Nancy sees the world through colored glasses and is inspired by all that is around her. Visit our office for a look at a variety of her dazzling works.
Liberty Gives Back:
In the past, Team Liberty has participated in various local community fundraising or support events from building homes with Habitat for Humanity, to food drives, to Special Olympics, and more. This year many opportunities have been cancelled, postponed or gone virtual, but here is some of what we did as a company this past quarter:
Team Liberty participated in this year’s virtual Briggs & Al’s Run & Walk for Children’s Hospital Wisconsin. (We did not run, we all walked!) We each totaled at least 8k but Tom won in distance as usual!
June added to “giving back” by taking part in the Walk to End Alzheimer’s Washington County with an additional 8k done in spurts with her cane and dog!

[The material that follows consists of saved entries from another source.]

text \<open>The second derivatives of d cancel by their symmetry, leaving d' applied to the Lie bracket
  of the two affine fields.\<close>
lemma set_integral_bracket_by_parts:
  fixes m d w :: "'a::euclidean_space \<Rightarrow> real"
  assumes S: "open S" "compact K" "K \<subseteq> S" and m: "C1_on S m m'" and d: "C2_on S d d' d''"
    and w: "C1_on S w w'" "{x. w x \<noteq> 0} \<subseteq> K"
    and A: "linear A" "(\<Sum>e\<in>Basis. A e \<bullet> e) = 0" and B: "linear B" "(\<Sum>e\<in>Basis. B e \<bullet> e) = 0"
  shows "(LINT x:S|lborel. m x * (w' x (B x + b) * d' x (A x + a) - w' x (A x + a) * d' x (B x + b)))
    = (LINT x:S|lborel. w x * (m' x (A x + a) * d' x (B x + b) - m' x (B x + b) * d' x (A x + a)
        - m x * d' x (A (B x + b) - B (A x + a))))"
proof -
  note dA = C1_on_derivative_along_affine[OF S(1) d A(1), of a]
  note dB = C1_on_derivative_along_affine[OF S(1) d B(1), of b]
  note PA = set_integral_by_parts_affine[OF S C1_on_mult[OF m dA] w B(1), of b]
  note PB = set_integral_by_parts_affine[OF S C1_on_mult[OF m dB] w A(1), of a]
  have "(LINT x:S|lborel. m x * (w' x (B x + b) * d' x (A x + a) - w' x (A x + a) * d' x (B x + b)))
      = (LINT x:S|lborel. m x * d' x (A x + a) * w' x (B x + b) - m x * d' x (B x + b) * w' x (A x + a))"
    by (simp add: algebra_simps)
  also have "\<dots> = (LINT x:S|lborel. m x * d' x (A x + a) * w' x (B x + b))
      - (LINT x:S|lborel. m x * d' x (B x + b) * w' x (A x + a))"
    using PA(1) PB(1) by (simp add: set_integral_diff)
  also have "\<dots> = (LINT x:S|lborel. w x * (m x * (d'' x (B x + b) (A x + a) + d' x (B (A x + a)))
        + m' x (A x + a) * d' x (B x + b)))
      - (LINT x:S|lborel. w x * (m x * (d'' x (A x + a) (B x + b) + d' x (A (B x + b)))
        + m' x (B x + b) * d' x (A x + a)))"
    using PA(3) PB(3) by (simp add: A(2) B(2))
  also have "\<dots> = (LINT x:S|lborel. w x * (m x * (d'' x (B x + b) (A x + a) + d' x (B (A x + a)))
        + m' x (A x + a) * d' x (B x + b))
      - w x * (m x * (d'' x (A x + a) (B x + b) + d' x (A (B x + b)))
        + m' x (B x + b) * d' x (A x + a)))"
    using PA(2) PB(2) by (simp add: set_integral_diff)
  also have "\<dots> = (LINT x:S|lborel. w x * (m' x (A x + a) * d' x (B x + b) - m' x (B x + b) * d' x (A x + a)
        - m x * d' x (A (B x + b) - B (A x + a))))"
  proof (intro set_lebesgue_integral_cong allI impI)
    show "S \<in> sets lborel"
      using S(1) by simp
    fix x assume "x \<in> S"
    have sym: "d'' x (B x + b) (A x + a) = d'' x (A x + a) (B x + b)"
      by (rule C2_on_second_derivative_symmetric[OF S(1) d \<open>x \<in> S\<close>])
    have lin: "d' x (A (B x + b) - B (A x + a)) = d' x (A (B x + b)) - d' x (B (A x + a))"
      by (rule linear_diff[OF C1_on_linear_derivative[OF C2_on_C1_on[OF d] \<open>x \<in> S\<close>]])
    show "w x * (m x * (d'' x (B x + b) (A x + a) + d' x (B (A x + a)))
        + m' x (A x + a) * d' x (B x + b))
      - w x * (m x * (d'' x (A x + a) (B x + b) + d' x (A (B x + b)))
        + m' x (B x + b) * d' x (A x + a))
      = w x * (m' x (A x + a) * d' x (B x + b) - m' x (B x + b) * d' x (A x + a)
        - m x * d' x (A (B x + b) - B (A x + a)))"
      unfolding sym lin by (simp add: algebra_simps)
  qed
  finally show ?thesis .
qed

section \<open>The horizontal vector fields\<close>

lemma sum_Basis_prod:
  fixes f :: "'a::euclidean_space \<times> 'b::euclidean_space \<Rightarrow> 'c::comm_monoid_add"
  shows "(\<Sum>e\<in>Basis. f e) = (\<Sum>u\<in>Basis. f (u, 0)) + (\<Sum>v\<in>Basis. f (0, v))"
proof -
  have "inj_on (\<lambda>u. (u::'a, 0::'b)) Basis" "inj_on (\<lambda>v. (0::'a, v::'b)) Basis"
    by (auto intro!: inj_onI)
  then show ?thesis
    unfolding Basis_prod_def by (subst sum.union_disjoint) (auto simp: sum.reindex)
qed

definition hfield_lin :: "'N \<Rightarrow> 'n \<Rightarrow> 2 \<Rightarrow> ('n::finite,'N::finite) heis \<Rightarrow> ('n,'N) heis" where
  "hfield_lin j i k x = hfield j i k x - hfield j i k 0"

lemma hfield_eq_hfield_lin: "hfield j i k x = hfield_lin j i k x + (axis j (axis i (axis k 1)), 0)"
  by (simp add: hfield_lin_def hfield_def vec_eq_iff axis_def)

lemma hfield_lin_eq:
  "hfield_lin j i k x = (0, \<chi> j'. if j' = j then (if k = 1 then 2 * (fst x $ j $ i $ 2) else - 2 * (fst x $ j $ i $ 1)) else 0)"
  by (auto simp: hfield_lin_def hfield_def vec_eq_iff)

lemma snd_hfield_nth:
  "snd (hfield j i 1 x) $ j = 2 * fst x $ j $ i $ 2" "snd (hfield j i 2 x) $ j = - 2 * fst x $ j $ i $ 1"
  by (simp_all add: hfield_def)

lemma linear_hfield_lin: "linear (hfield_lin j i k)"
  by (rule linearI) (auto simp: hfield_lin_eq vec_eq_iff algebra_simps)

lemma trace_hfield_lin: "(\<Sum>e\<in>Basis. hfield_lin j i k e \<bullet> e) = 0"
proof -
  have "hfield_lin j i k (u, 0) \<bullet> (u, 0) = 0" for u
    by (simp add: hfield_lin_eq)
  moreover have "hfield_lin j i k (0, v) = 0" for v
    by (simp add: hfield_lin_eq vec_eq_iff prod_eq_iff)
  ultimately show ?thesis
    by (simp add: sum_Basis_prod)
qed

Planning Notes by June Ann Schroeder RN, CFP®
SECURE Act updates:
Keep saving: You are no longer prohibited from contributing to an IRA if you are over 70 ½ and earning “compensation.” Talk with us about whether it would be better to add to your Roth instead!
Kiddie Tax: Back to the old rules! Income for children under 18 now to be taxed at parents’ marginal rate again.
Stretch IRA: Gone for most. Revisit your estate plan to maximize benefits for your heirs since except for a few exceptions most will have to liquidate their inherited IRA in 10 years.
CARES Act Benefit: Even if you don’t itemize and use the new standard deduction, you can deduct up to $300 per tax return for cash charity contributions on your 2020 return!
STIMULUS Payments: Designated as prepaid tax credits, they are not taxable on your 2020 returns!
FAFSA: Time to fill out the FAFSA application for the 2021-2022 school year. We recommend that ALL who have college bound students complete this no matter what your income level.
This year, funds withdrawn from 529 plans can be used to pay down student loans which might be an option if tuition was lowered due to virtual learning.